───── Data in this exercise ─────

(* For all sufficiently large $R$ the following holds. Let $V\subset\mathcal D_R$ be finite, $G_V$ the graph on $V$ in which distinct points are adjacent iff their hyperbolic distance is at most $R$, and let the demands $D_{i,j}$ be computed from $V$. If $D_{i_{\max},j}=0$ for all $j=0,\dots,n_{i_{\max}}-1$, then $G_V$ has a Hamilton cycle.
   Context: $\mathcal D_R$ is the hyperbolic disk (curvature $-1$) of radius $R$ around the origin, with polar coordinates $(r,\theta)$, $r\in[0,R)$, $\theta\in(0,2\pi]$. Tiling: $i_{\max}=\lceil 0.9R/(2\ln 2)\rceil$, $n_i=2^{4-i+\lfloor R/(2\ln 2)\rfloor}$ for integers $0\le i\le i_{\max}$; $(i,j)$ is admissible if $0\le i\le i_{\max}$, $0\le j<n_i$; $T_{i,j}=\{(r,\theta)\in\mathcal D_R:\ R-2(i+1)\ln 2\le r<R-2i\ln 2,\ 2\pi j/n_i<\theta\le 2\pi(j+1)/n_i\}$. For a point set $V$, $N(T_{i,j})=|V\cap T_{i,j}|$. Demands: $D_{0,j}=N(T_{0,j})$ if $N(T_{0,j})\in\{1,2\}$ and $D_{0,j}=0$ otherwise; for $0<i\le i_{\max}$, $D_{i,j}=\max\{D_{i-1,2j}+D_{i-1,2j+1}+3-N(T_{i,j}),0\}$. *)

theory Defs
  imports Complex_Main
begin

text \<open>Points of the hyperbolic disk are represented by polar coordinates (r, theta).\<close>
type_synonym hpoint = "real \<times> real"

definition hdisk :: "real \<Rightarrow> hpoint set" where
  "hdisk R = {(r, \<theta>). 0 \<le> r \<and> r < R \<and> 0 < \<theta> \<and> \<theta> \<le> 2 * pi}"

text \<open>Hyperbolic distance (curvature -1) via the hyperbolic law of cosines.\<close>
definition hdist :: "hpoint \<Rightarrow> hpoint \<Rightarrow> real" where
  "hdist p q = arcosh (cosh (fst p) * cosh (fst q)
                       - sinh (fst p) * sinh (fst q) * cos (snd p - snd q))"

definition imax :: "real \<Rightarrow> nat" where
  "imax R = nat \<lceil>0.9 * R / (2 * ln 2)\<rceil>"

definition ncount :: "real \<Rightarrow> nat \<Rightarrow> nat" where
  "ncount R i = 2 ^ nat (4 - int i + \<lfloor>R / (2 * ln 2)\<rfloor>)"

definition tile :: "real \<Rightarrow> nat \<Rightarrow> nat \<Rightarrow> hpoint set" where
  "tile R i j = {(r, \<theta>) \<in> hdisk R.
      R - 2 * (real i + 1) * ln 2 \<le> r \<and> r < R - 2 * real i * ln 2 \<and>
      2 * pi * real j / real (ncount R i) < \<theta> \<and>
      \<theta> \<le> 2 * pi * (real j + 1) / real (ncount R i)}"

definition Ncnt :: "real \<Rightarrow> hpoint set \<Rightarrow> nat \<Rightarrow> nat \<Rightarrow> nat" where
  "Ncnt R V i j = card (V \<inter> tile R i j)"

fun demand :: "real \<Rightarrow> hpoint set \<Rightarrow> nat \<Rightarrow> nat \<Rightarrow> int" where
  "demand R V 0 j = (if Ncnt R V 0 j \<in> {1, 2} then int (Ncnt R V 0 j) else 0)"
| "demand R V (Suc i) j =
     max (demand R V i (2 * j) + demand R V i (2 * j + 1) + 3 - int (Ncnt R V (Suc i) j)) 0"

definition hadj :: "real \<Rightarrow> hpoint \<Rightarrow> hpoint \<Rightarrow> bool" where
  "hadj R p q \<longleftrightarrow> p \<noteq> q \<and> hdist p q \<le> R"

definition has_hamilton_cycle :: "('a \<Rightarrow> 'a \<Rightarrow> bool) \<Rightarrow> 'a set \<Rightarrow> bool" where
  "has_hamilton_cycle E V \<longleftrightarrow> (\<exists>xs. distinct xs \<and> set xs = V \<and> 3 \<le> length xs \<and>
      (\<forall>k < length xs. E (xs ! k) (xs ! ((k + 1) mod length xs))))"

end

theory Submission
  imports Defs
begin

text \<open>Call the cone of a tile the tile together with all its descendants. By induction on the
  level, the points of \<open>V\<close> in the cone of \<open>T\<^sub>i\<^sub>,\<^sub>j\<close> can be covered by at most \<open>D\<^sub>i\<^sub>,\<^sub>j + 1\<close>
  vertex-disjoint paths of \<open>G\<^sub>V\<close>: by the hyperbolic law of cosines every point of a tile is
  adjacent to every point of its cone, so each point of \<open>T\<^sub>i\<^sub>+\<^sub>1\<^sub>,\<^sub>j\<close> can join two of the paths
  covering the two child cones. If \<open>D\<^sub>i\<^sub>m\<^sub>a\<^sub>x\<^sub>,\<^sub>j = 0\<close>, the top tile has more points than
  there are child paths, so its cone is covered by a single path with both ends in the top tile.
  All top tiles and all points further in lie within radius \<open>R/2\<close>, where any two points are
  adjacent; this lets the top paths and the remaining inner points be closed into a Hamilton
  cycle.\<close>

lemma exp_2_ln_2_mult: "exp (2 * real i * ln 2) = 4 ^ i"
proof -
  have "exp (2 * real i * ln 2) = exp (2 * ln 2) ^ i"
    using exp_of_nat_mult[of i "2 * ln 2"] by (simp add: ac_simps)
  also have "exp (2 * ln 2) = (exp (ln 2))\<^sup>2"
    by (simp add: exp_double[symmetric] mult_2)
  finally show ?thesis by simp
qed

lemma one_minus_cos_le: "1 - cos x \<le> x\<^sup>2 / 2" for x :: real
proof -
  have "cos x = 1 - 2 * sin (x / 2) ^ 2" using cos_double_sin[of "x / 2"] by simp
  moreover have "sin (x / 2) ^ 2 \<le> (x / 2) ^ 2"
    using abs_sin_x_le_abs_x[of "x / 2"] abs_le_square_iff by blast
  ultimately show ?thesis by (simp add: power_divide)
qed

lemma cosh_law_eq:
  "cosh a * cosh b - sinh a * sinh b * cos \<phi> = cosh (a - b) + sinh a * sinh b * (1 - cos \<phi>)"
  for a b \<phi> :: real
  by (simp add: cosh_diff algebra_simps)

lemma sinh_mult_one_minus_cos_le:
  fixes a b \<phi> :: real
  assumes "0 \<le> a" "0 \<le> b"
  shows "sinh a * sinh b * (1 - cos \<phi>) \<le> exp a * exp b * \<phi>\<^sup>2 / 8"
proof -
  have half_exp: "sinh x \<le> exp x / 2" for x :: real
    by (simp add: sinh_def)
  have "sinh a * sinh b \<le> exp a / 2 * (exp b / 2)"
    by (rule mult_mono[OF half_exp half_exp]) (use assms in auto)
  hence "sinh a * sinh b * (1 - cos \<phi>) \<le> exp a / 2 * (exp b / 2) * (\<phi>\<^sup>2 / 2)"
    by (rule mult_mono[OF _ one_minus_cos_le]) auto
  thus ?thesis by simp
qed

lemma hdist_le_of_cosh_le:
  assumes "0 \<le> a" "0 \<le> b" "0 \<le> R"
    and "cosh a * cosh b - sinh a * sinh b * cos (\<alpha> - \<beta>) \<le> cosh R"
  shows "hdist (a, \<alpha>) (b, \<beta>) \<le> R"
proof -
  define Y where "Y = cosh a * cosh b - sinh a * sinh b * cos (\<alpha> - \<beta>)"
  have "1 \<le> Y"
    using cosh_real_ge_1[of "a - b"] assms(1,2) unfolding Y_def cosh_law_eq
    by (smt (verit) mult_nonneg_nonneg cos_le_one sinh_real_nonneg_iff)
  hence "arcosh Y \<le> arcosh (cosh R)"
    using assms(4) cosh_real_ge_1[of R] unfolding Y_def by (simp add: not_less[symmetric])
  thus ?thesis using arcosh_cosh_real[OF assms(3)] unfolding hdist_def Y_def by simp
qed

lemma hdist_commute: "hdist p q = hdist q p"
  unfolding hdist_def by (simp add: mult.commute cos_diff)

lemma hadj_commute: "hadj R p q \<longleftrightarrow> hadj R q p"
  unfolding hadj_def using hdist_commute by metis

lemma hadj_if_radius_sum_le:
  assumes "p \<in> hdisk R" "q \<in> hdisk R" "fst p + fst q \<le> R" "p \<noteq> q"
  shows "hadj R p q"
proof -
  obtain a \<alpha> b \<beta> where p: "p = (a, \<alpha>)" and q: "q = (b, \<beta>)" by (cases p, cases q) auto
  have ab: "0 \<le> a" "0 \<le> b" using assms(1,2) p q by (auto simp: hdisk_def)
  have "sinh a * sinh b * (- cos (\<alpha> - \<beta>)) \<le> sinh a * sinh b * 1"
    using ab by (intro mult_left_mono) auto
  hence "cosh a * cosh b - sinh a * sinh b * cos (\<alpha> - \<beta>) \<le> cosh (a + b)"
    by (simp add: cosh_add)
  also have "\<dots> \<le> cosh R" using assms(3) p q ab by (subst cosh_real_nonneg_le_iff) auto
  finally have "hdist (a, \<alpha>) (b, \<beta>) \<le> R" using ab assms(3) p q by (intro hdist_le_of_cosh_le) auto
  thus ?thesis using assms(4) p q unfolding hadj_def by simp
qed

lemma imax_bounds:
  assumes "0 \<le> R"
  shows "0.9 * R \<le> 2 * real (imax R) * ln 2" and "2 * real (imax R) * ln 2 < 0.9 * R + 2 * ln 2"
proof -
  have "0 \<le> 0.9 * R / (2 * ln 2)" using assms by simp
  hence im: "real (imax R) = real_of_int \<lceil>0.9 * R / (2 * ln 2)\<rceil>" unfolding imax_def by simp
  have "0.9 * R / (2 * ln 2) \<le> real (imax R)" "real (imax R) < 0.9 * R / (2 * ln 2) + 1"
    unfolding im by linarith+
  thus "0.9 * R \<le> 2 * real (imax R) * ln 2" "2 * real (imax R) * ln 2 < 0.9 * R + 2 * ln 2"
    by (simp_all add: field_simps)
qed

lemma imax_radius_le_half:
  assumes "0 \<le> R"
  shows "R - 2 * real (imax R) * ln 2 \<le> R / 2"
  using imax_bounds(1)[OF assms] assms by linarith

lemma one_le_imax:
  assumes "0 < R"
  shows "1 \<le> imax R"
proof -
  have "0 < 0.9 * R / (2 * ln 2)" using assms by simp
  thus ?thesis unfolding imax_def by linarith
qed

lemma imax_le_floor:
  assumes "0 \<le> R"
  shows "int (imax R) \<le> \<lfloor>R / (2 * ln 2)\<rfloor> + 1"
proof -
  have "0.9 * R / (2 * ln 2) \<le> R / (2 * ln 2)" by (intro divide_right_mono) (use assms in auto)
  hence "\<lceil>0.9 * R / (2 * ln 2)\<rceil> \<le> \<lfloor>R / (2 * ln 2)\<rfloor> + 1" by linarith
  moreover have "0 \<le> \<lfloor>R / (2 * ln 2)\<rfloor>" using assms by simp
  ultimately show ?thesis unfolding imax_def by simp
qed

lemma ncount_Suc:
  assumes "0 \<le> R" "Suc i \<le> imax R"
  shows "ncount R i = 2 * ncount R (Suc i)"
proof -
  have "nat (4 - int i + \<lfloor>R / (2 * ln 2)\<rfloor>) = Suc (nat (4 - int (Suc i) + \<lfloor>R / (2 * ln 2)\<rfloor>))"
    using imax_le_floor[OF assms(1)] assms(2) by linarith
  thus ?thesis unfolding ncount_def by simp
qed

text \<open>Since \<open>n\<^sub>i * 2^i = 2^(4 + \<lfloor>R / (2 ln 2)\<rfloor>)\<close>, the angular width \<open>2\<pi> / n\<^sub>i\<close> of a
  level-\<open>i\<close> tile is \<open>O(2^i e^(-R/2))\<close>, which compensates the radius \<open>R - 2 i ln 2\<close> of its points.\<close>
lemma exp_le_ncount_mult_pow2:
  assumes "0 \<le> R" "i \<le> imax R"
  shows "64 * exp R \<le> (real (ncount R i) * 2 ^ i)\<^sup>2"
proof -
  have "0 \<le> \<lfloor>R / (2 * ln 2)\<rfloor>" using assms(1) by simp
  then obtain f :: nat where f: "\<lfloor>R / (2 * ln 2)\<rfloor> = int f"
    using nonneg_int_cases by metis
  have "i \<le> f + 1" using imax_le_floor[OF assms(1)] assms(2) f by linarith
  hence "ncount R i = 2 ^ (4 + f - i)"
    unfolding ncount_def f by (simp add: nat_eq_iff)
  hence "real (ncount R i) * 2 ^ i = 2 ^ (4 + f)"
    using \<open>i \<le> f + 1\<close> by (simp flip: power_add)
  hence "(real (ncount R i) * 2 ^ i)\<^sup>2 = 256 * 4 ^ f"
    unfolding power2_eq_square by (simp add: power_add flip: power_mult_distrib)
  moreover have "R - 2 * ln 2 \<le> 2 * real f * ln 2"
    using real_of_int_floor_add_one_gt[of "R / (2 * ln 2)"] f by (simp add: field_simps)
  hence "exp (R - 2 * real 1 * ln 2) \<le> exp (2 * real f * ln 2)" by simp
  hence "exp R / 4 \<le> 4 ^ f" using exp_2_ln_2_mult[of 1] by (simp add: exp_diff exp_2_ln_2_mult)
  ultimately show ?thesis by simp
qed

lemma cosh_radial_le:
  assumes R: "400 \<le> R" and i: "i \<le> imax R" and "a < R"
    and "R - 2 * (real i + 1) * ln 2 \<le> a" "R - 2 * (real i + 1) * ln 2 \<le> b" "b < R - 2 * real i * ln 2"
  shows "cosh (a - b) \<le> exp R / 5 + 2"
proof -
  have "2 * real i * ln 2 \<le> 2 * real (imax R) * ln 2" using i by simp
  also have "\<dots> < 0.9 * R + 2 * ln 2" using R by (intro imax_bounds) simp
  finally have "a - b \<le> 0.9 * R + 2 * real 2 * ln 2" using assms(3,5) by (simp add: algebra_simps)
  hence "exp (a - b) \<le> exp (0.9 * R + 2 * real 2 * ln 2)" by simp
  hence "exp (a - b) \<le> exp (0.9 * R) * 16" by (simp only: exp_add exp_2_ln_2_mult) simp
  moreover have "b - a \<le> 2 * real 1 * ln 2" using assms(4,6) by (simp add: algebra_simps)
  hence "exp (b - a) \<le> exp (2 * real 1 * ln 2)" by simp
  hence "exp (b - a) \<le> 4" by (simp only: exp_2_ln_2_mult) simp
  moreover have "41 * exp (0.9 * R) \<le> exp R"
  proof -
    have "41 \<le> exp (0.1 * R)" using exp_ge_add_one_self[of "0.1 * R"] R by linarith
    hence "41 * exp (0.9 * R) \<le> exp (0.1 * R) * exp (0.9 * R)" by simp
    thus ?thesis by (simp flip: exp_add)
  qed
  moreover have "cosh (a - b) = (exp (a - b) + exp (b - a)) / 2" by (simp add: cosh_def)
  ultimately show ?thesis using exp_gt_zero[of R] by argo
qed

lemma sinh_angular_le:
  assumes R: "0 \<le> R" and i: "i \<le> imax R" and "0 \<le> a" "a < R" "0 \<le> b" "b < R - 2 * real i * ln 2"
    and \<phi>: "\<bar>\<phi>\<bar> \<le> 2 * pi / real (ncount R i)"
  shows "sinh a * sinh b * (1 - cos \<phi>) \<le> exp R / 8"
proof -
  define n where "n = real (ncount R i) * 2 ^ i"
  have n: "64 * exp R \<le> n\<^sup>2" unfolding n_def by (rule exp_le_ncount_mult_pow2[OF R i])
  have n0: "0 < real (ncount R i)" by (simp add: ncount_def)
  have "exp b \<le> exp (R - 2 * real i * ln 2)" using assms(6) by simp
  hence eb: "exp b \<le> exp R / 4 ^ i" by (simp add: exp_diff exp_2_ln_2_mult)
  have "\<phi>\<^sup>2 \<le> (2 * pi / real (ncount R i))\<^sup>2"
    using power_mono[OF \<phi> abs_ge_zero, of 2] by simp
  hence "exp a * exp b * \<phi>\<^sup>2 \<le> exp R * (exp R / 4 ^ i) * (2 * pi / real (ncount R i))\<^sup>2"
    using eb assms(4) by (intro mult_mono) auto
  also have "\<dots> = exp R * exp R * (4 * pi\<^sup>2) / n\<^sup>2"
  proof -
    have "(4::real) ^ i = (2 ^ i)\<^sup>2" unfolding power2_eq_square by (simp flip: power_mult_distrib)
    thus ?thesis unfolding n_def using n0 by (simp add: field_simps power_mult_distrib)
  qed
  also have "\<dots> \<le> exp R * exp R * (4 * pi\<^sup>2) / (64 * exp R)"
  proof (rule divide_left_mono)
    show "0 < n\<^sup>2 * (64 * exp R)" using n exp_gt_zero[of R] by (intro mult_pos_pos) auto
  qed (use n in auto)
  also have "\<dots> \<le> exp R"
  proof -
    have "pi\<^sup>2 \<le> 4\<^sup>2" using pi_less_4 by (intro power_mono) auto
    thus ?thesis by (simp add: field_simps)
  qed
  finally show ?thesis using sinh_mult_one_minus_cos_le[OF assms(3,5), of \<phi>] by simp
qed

─────

(Assigned task) Reproduce exactly, and only, the part of the listing above that begins at the line with "(- cos (\<alpha>" and goes on through the line with "R) = real_of_int".

(Exercise solution)
  have "sinh a * sinh b * (- cos (\<alpha> - \<beta>)) \<le> sinh a * sinh b * 1"
    using ab by (intro mult_left_mono) auto
  hence "cosh a * cosh b - sinh a * sinh b * cos (\<alpha> - \<beta>) \<le> cosh (a + b)"
    by (simp add: cosh_add)
  also have "\<dots> \<le> cosh R" using assms(3) p q ab by (subst cosh_real_nonneg_le_iff) auto
  finally have "hdist (a, \<alpha>) (b, \<beta>) \<le> R" using ab assms(3) p q by (intro hdist_le_of_cosh_le) auto
  thus ?thesis using assms(4) p q unfolding hadj_def by simp
qed

lemma imax_bounds:
  assumes "0 \<le> R"
  shows "0.9 * R \<le> 2 * real (imax R) * ln 2" and "2 * real (imax R) * ln 2 < 0.9 * R + 2 * ln 2"
proof -
  have "0 \<le> 0.9 * R / (2 * ln 2)" using assms by simp
  hence im: "real (imax R) = real_of_int \<lceil>0.9 * R / (2 * ln 2)\<rceil>" unfolding imax_def by simp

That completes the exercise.